A Bag of Marbles by Joseph Joffo and Vincent Baily is a historical graphic novel for tweens and teens. In 1941 in occupied Paris, brothers Maurice and Joseph play a last game of marbles before running home to their father's barbershop. With the German occupation threatening their family's safety, the boys' parents decide Maurice and Joseph must disguise themselves and flee to their older brothers in the free zone. Surviving the long journey will take every scrap of ingenuity and courage they can muster. If they hope to elude the Nazis, they must never, under any circumstances, admit to being Jewish. During their travels, the boys face threats from strangers and receive unexpected help. Based on an autobiographical novel by Joseph Joffo and adapted with the author's input, this true story offers a harrowing but inspiring glimpse of a childhood cut short.

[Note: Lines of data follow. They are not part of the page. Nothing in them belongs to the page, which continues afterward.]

text \<open>
(T^n h)(p) sums h over the paths obtained by prepending to p a non-backtracking walk of
n edges that turns into the first edge of p; there are at most R_n such walks. Since f and
Pi_n f differ by at most theta^n L_1(f), this bounds the sup-norm of T^n f - T^n Pi_n f by
R_n theta^n L_1(f). For the Lipschitz part, prepending n edges to paths that agree on their
first k edges yields paths agreeing on n + k edges, on which f varies by at most
theta^(n+k) L_1(f) while Pi_n f does not vary at all; hence L_1 of the difference is again
at most R_n theta^n L_1(f), and the theta-norm at most 2 R_n theta^n L_1(f). Finally
2 R_n \<le> (rho + epsilon)^n for large n, because the n-th roots of 2 R_n tend to rho.
\<close>

section \<open>Counting backward walks\<close>

definition walks_ending :: "('v \<Rightarrow> 'v \<Rightarrow> bool) \<Rightarrow> nat \<Rightarrow> 'v \<times> 'v \<Rightarrow> ('v \<times> 'v) list set" where
  "walks_ending adj n e = {c. length c = Suc n \<and> is_walk adj c \<and> last c = e}"

fun walk_count :: "('v \<Rightarrow> 'v \<Rightarrow> bool) \<Rightarrow> nat \<Rightarrow> 'v \<times> 'v \<Rightarrow> real" where
  "walk_count adj 0 e = 1"
| "walk_count adj (Suc n) e = (\<Sum>e'\<in>{e'. turn adj e' e}. walk_count adj n e')"

lemma is_walk_snoc:
  "is_walk adj (c @ [e]) \<longleftrightarrow> is_walk adj c \<and> is_edge adj e \<and> (c \<noteq> [] \<longrightarrow> turn adj (last c) e)"
proof
  assume a: "is_walk adj (c @ [e])"
  have "turn adj (c ! i) (c ! Suc i)" if "Suc i < length c" for i
    using a that unfolding is_walk_def
    by (metis Suc_lessD length_append_singleton less_SucI nth_append_left)
  moreover have "turn adj (last c) e" if "c \<noteq> []"
  proof -
    obtain i where i: "length c = Suc i" using \<open>c \<noteq> []\<close> by (cases c) auto
    have "turn adj ((c @ [e]) ! i) ((c @ [e]) ! Suc i)" using a i by (simp add: is_walk_def)
    thus ?thesis using i that by (simp add: nth_append last_conv_nth)
  qed
  ultimately show "is_walk adj c \<and> is_edge adj e \<and> (c \<noteq> [] \<longrightarrow> turn adj (last c) e)"
    using a by (auto simp: is_walk_def)
next
  assume a: "is_walk adj c \<and> is_edge adj e \<and> (c \<noteq> [] \<longrightarrow> turn adj (last c) e)"
  have "turn adj ((c @ [e]) ! i) ((c @ [e]) ! Suc i)" if i: "Suc i < length (c @ [e])" for i
  proof (cases "Suc i < length c")
    case True thus ?thesis using a by (simp add: is_walk_def nth_append)
  next
    case False
    hence "c \<noteq> []" "i = length c - 1" using i by auto
    thus ?thesis using a by (auto simp: nth_append last_conv_nth)
  qed
  thus "is_walk adj (c @ [e])" using a by (auto simp: is_walk_def)
qed

lemma walks_ending_0: "is_edge adj e \<Longrightarrow> walks_ending adj 0 e = {[e]}"
  by (auto simp: walks_ending_def is_walk_def length_Suc_conv)

lemma walks_ending_Suc:
  assumes "is_edge adj e"
  shows "walks_ending adj (Suc n) e = (\<Union>e'\<in>{e'. turn adj e' e}. (\<lambda>c. c @ [e]) ` walks_ending adj n e')"
proof (rule set_eqI, rule iffI)
  fix x assume "x \<in> walks_ending adj (Suc n) e"
  hence len: "length x = Suc (Suc n)" and w: "is_walk adj x" and l: "last x = e"
    by (auto simp: walks_ending_def)
  define c where "c = butlast x"
  have xc: "x = c @ [e]" using len l unfolding c_def by (metis append_butlast_last_id list.size(3) nat.distinct(1))
  have "c \<noteq> []" using len unfolding c_def by (cases x rule: rev_cases) auto
  hence "c \<in> walks_ending adj n (last c)" "turn adj (last c) e"
    using w len xc is_walk_snoc[of adj c e] by (auto simp: walks_ending_def)
  thus "x \<in> (\<Union>e'\<in>{e'. turn adj e' e}. (\<lambda>c. c @ [e]) ` walks_ending adj n e')"
    using xc by blast
next
  fix x assume "x \<in> (\<Union>e'\<in>{e'. turn adj e' e}. (\<lambda>c. c @ [e]) ` walks_ending adj n e')"
  then obtain e' c where "turn adj e' e" "c \<in> walks_ending adj n e'" "x = c @ [e]" by auto
  thus "x \<in> walks_ending adj (Suc n) e"
    using assms is_walk_snoc[of adj c e] by (auto simp: walks_ending_def)
qed
lemma attachs_append:
  "1 \<le> k \<Longrightarrow> k \<le> nleaves t \<Longrightarrow>
   attachs d (sum_list (map nleaves xs) + k) (xs @ t # ys) = xs @ attach d k t # ys"
proof (induction xs)
  case Nil
  then show ?case using attach_out_of_range(2)[of 0 ys d] by simp
next
  case (Cons x xs)
  have "attach d (nleaves x + sum_list (map nleaves xs) + k) x = x"
    using Cons.prems attach_out_of_range(1) by simp
  then show ?case using Cons by (simp add: add.assoc)
qed

lemma tree_refines_Node:
  assumes "tree_refines d t t'"
  shows "tree_refines d (Node (xs @ t # ys)) (Node (xs @ t' # ys))"
  using assms
proof (induction rule: tree_refines.induct)
  case (tree_refines_attach U' k)
  have "attach d (sum_list (map nleaves xs) + k) (Node (xs @ U' # ys))
    = Node (xs @ attach d k U' # ys)"
    using attachs_append[OF tree_refines_attach.hyps(2,3)] by simp
  moreover have "1 \<le> sum_list (map nleaves xs) + k"
    "sum_list (map nleaves xs) + k \<le> nleaves (Node (xs @ U' # ys))"
    using tree_refines_attach.hyps by auto
  ultimately show ?case using tree_refines.tree_refines_attach[OF tree_refines_attach.IH] by metis
qed (rule tree_refines.tree_refines_refl)

lemma tree_refines_Node_list:
  assumes "list_all2 (tree_refines d) ts ts'"
  shows "tree_refines d (Node (xs @ ts)) (Node (xs @ ts'))"
  using assms
proof (induction ts ts' arbitrary: xs rule: list_all2_induct)
  case (Cons t ts t' ts')
  have "tree_refines d (Node (xs @ t # ts)) (Node (xs @ t' # ts))"
    by (rule tree_refines_Node[OF Cons.hyps(1)])
  moreover have "tree_refines d (Node ((xs @ [t']) @ ts)) (Node ((xs @ [t']) @ ts'))"
    by (rule Cons.IH)
  ultimately show ?case using tree_refines_trans by simp
qed (rule tree_refines.tree_refines_refl)

fun full_tree :: "nat \<Rightarrow> nat \<Rightarrow> tree" where
  "full_tree d 0 = Leaf"
| "full_tree d (Suc m) = Node (replicate d (full_tree d m))"

fun depth :: "tree \<Rightarrow> nat" where
  "depth Leaf = 0"
| "depth (Node ts) = Suc (sum_list (map depth ts))"

lemma tree_refines_Leaf_full_tree: "tree_refines d Leaf (full_tree d m)"
proof (induction m)
  case (Suc m)
  have "list_all2 (tree_refines d) (replicate d Leaf) (replicate d (full_tree d m))"
    using Suc by (simp add: list_all2_conv_all_nth)
  then have "tree_refines d (Node (replicate d Leaf)) (full_tree d (Suc m))"
    using tree_refines_Node_list[of d _ _ "[]"] by simp
  moreover have "tree_refines d Leaf (Node (replicate d Leaf))"
    using tree_refines.tree_refines_attach[OF tree_refines.tree_refines_refl, of 1 Leaf] by simp
  ultimately show ?case by (rule tree_refines_trans)
qed (simp add: tree_refines.tree_refines_refl)

lemma tree_refines_full_tree: "dary d U \<Longrightarrow> depth U \<le> m \<Longrightarrow> tree_refines d U (full_tree d m)"
proof (induction U arbitrary: m)
  case Leaf
  then show ?case by (simp add: tree_refines_Leaf_full_tree)
next
  case (Node ts)
  obtain m' where m: "m = Suc m'" using Node.prems by (cases m) auto
  have "tree_refines d t (full_tree d m')" if "t \<in> set ts" for t
  proof -
    have "depth t \<le> sum_list (map depth ts)" using that by (auto intro!: member_le_sum_list)
    then show ?thesis using Node.IH[OF that] Node.prems that m by auto
  qed
  then have "list_all2 (tree_refines d) ts (replicate d (full_tree d m'))"
    using Node.prems by (auto simp: list_all2_conv_all_nth)
  then show ?case using tree_refines_Node_list[of d _ _ "[]"] m by simp
qed

lemma shift_eq_on_streams_imp_eq:
  fixes p q :: "nat list"
  assumes "d \<ge> 2" "\<forall>y\<in>streams {..<d}. p @- y = q @- y"
  shows "p = q"
proof -
  have shorter: False if "length u < length v"
    "\<forall>y\<in>streams {..<d}. u @- y = v @- y" for u v :: "nat list"
  proof -
    define c where "c = (if v ! length u = 0 then 1 else 0 :: nat)"
    have "sconst c \<in> streams {..<d}" using assms(1) by (auto simp: c_def intro!: sconst_streams)
    then have "(u @- sconst c) !! length u = (v @- sconst c) !! length u" using that(2) by simp
    then show False using that(1) by (simp add: c_def split: if_splits)
  qed
  have "length p = length q"
    using shorter[of p q] shorter[of q p] assms(2) by (metis linorder_neqE_nat)
  moreover have "p @- sconst 0 = q @- sconst 0"
    using assms sconst_streams[of 0 "{..<d}"] by simp
  then have "stake (length p) (p @- sconst 0) = stake (length p) (q @- sconst 0)" by simp
  ultimately show ?thesis by (simp add: stake_shift)
qed

lemma set_leaf_words_subset:
  assumes n: "nleaves A = n" "nleaves B = n" and \<pi>: "\<pi> permutes {1..n}" "\<pi>' permutes {1..n}"
    and w: "\<And>k. 1 \<le> k \<Longrightarrow> k \<le> n \<Longrightarrow> leaf_word A (\<pi> k) = leaf_word B (\<pi>' k)"
  shows "set (leaf_words A) \<subseteq> set (leaf_words B)"
proof
  fix p assume "p \<in> set (leaf_words A)"
  then obtain j where j: "1 \<le> j" "j \<le> n" "p = leaf_word A j"
    using n(1) by (auto simp: in_leaf_words_iff)
  let ?k = "inv_into UNIV \<pi> j"
  have k: "?k \<in> {1..n}" using permutes_in_image[OF permutes_inv[OF \<pi>(1)]] j by simp
  have "p = leaf_word A (\<pi> ?k)" using permutes_inverses(1)[OF \<pi>(1)] j(3) by simp
  also have "\<dots> = leaf_word B (\<pi>' ?k)" using w k by simp
  finally show "p \<in> set (leaf_words B)"
    using leaf_word_in_set permutes_in_interval[OF \<pi>(2)] k n(2) by auto
qed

In A Bag of Marbles, Joseph Joffo tells the story of his childhood, a story that touches the heart. I am not a person that enjoys reading about the horrors and persecution people have inflicted on each other. However, for some reason I picked this up. It took me a couple tries to read it, mainly because I had to be in the right mindset to deal with the WWII era. However, as soon as I really got started I was impressed with Vincent Baily's watercolor style artwork and the way the story was told through those illustrations as well as Jaffo's words. I think this is a great resource for bringing home the facts of the Holocaust to middle grade and older readers. The story of these boys is something that they can connect with and make the history that we think we know much more poignant. This is not the typical narrative, not what you generally get when you pick up a book about children in WWII, and I think that makes it that much more touching and interesting. I am interested in reading the memoir from Jaffo, which this graphic novel was adapted from, to see how the two compare.

I would highly recommend A Bag of Marbles to readers that are interested in the WWII era and the realities of what some of the luckier Holocaust survivors went through. I think this would be a great classroom resource when discussing the time and war, in order to make the dates and words in the history books mean a little more to students.